I am using the database from Kaggle called 'Home Loan Approval'. It's URL is https://www.kaggle.com/datasets/rishikeshkonapure/home-loan-approval.
Sample:
Loan_ID,Gender,Married,Dependents,Education,Self_Employed,ApplicantIncome,CoapplicantIncome,LoanAmount,Loan_Amount_Term,Credit_History,Property_Area
LP001015,Male,Yes,0,Graduate,No,5720,0,110,360,1,Urban
LP001022,Male,Yes,1,Graduate,No,3076,1500,126,360,1,Urban
LP001031,Male,Yes,2,Graduate,No,5000,1800,208,360,1,Urban
LP001035,Male,Yes,2,Graduate,No,2340,2546,100,360,,Urban
LP001051,Male,No,0,Not Graduate,No,3276,0,78,360,1,Urban
LP001054,Male,Yes,0,Not Graduate,Yes,2165,3422,152,360,1,Urban
LP001055,Female,No,1,Not Graduate,No,2226,0,59,360,1,Semiurban
LP001056,Male,Yes,2,Not Graduate,No,3881,0,147,360,0,Rural
LP001059,Male,Yes,2,Graduate,,13633,0,280,240,1,Urban
LP001067,Male,No,0,Not Graduate,No,2400,2400,123,360,1,Semiurban
LP001078,Male,No,0,Not Graduate,No,3091,0,90,360,1,Urban
LP001082,Male,Yes,1,Graduate,,2185,1516,162,360,1,Semiurban
LP001083,Male,No,3+,Graduate,No,4166,0,40,180,,Urban
LP001094,Male,Yes,2,Graduate,,12173,0,166,360,0,Semiurban
LP001096,Female,No,0,Graduate,No,4666,0,124,360,1,Semiurban
LP001099,Male,No,1,Graduate,No,5667,0,131,360,1,Urban
I use the following code in Pandas to create a nested table with 'Gender' and 'Married' in rows and 'Property_Area' and 'Self_Employed' in columns
(
pd.read_csv('loan_sanction_test.csv')
.groupby(['Gender', 'Married', 'Property_Area', 'Self_Employed'])['LoanAmount'].sum()
.unstack([2,3])
)
Property_Area Rural Semiurban Urban
Self_Employed No Yes No Yes No Yes
Gender Married
Female No 1062.0 389.0 1511.0 295.0 1716.0 NaN
Yes 596.0 NaN 1195.0 NaN 1610.0 NaN
Male No 2398.0 534.0 3110.0 125.0 3219.0 232.0
Yes 7178.0 1692.0 6455.0 1073.0 9216.0 1011.0
In Polars, we don't have multi-indexes like Pandas. Polars pivot
function only pivots to a single level. For e.g. if I use ['Property_Area' and 'Self_Employed'] in columns, pivot will reproduce these variables one after another and not nest them. Here's the code which illustrates this (using Polars version 0.16):
(
pl.read_csv('loan_sanction_test.csv')
.group_by('Gender', 'Married', 'Property_Area', 'Self_Employed').agg(pl.col('LoanAmount').sum())
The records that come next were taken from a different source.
lemma hit_prob_before_le_escape_bound:
  assumes I: "0 \<le> I" "I \<le> 1" and r: "0 \<le> r" "I + (1 - I) * r\<^sup>2 = r" "(1 - I) * r \<le> 1"
  shows "0 \<le> m \<Longrightarrow> n \<le> l \<Longrightarrow>
    hit_prob_before I l N m n \<le> r ^ nat (m + 1) * (1 - ((1 - I) * r) ^ nat (l - n))"
proof (induction N arbitrary: m n)
  case 0
  have "((1 - I) * r) ^ nat (l - n) \<le> 1"
    using I r by (intro power_le_one) auto
  then show ?case using r by simp
next
  case (Suc N)
  obtain k where k: "m = int k"
    using Suc.prems(1) by (rule nonneg_int_cases)
  show ?case
  proof (cases "n = l")
    case True
    then show ?thesis using Suc.prems by simp
  next
    case False
    define j where "j = nat (l - n - 1)"
    have j: "l - n = int (Suc j)"
      using Suc.prems(2) False unfolding j_def by simp
    have "hit_prob_before I l (Suc N) m n =
        I * hit_prob_before I l N (m - 1) n + (1 - I) * hit_prob_before I l N (m + 1) (n + 1)"
      using k False by simp
    also have "\<dots> \<le> I * r ^ k + (1 - I) * (r ^ (k + 2) * (1 - ((1 - I) * r) ^ j))"
      using hit_prob_before_le_power[OF I r(1,2), of "m - 1" l N n] Suc.IH[of "m + 1" "n + 1"]
        Suc.prems False k j I
      by (intro add_mono mult_left_mono) (auto simp: nat_add_distrib algebra_simps)
    also have "\<dots> = r ^ k * (I + (1 - I) * r\<^sup>2) - r ^ (k + 1) * ((1 - I) * r) ^ Suc j"
      by (simp add: algebra_simps power_add power2_eq_square)
    also have "\<dots> = r ^ nat (m + 1) * (1 - ((1 - I) * r) ^ nat (l - n))"
      using r k j by (simp add: nat_add_distrib algebra_simps)
    finally show ?thesis .
  qed
qed

lemma hit_prob_before_mono_barrier:
  assumes I: "0 \<le> I" "I \<le> 1" and "l\<^sub>1 \<le> l\<^sub>2"
  shows "n \<le> l\<^sub>1 \<Longrightarrow> hit_prob_before I l\<^sub>1 N m n \<le> hit_prob_before I l\<^sub>2 N m n"
proof (induction N arbitrary: m n)
  case 0
  then show ?case by simp
next
  case (Suc N)
  show ?case
  proof (cases "m = -1 \<or> n = l\<^sub>1")
    case True
    then show ?thesis
      using hit_prob_before_nonneg[OF I, of l\<^sub>2 "Suc N" m n] by auto
  next
    case False
    then have "n \<noteq> l\<^sub>2" "n + 1 \<le> l\<^sub>1"
      using Suc.prems \<open>l\<^sub>1 \<le> l\<^sub>2\<close> by auto
    then show ?thesis
      using False Suc.IH[of n "m - 1"] Suc.IH[of "n + 1" "m + 1"] Suc.prems I
      by (auto intro!: add_mono mult_left_mono)
  qed
qed

lemma attacker_streak_le_hit_prob_before:
  assumes I: "0 \<le> I" "I \<le> 1"
  shows "-1 \<le> m \<Longrightarrow> n < l \<Longrightarrow> nat (m + 1) < N \<Longrightarrow> I ^ nat (m + 1) \<le> hit_prob_before I l N m n"
proof (induction N arbitrary: m)
  case 0
  then show ?case by simp
next
  case (Suc N)
  show ?case
  proof (cases "m = -1")
    case True
    then show ?thesis by simp
  next
    case False
    with Suc.prems have "0 \<le> m" by arith
    then obtain k where k: "m = int k" by (rule nonneg_int_cases)
    have "I ^ nat (m + 1) = I * I ^ k + (1 - I) * 0"
      using k by (simp add: nat_add_distrib)
    also have "\<dots> \<le> I * hit_prob_before I l N (m - 1) n + (1 - I) * hit_prob_before I l N (m + 1) (n + 1)"
      using Suc.IH[of "m - 1"] Suc.prems k I hit_prob_before_nonneg[OF I]
      by (intro add_mono mult_left_mono) auto
    also have "\<dots> = hit_prob_before I l (Suc N) m n"
      using False Suc.prems by simp
    finally show ?thesis .
  qed
qed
.pivot(on=['Property_Area', 'Self_Employed'], index=['Gender', 'Married'], values='LoanAmount')
)
We frequently use three level deep nesting in rows as well as columns. Is there a way to generate nested tables in Polars
like Pandas
example above?
One thing you can try when nesting columns is concat_str
. For example: (My firewall blocks Kaggle downloads so I've simulated data.)
(
df
.sort('Property_Area', 'Self_Employed')
.with_columns(
pl.concat_str('Property_Area', 'Self_Employed', separator="|").alias('PA_SE')
)
.pivot(
on=["PA_SE"],
index=["Gender", "Married"],
values="LoanAmount",
aggregate_function=pl.len()
)
)
shape: (4, 8)
+--------+---------+----------+-----------+--------------+---------------+----------+-----------+
| Gender | Married | Rural|No | Rural|Yes | Semiurban|No | Semiurban|Yes | Urban|No | Urban|Yes |
| --- | --- | --- | --- | --- | --- | --- | --- |
| str | str | u32 | u32 | u32 | u32 | u32 | u32 |
+===============================================================================================+
| Female | No | 38 | 35 | 54 | 37 | 40 | 41 |
| Female | Yes | 46 | 45 | 38 | 45 | 45 | 38 |
| Male | Yes | 40 | 39 | 47 | 44 | 39 | 40 |
| Male | No | 34 | 48 | 44 | 48 | 45 | 30 |
+--------+---------+----------+-----------+--------------+---------------+----------+-----------+
It's not as slick as Pandas, but it does get you to an answer.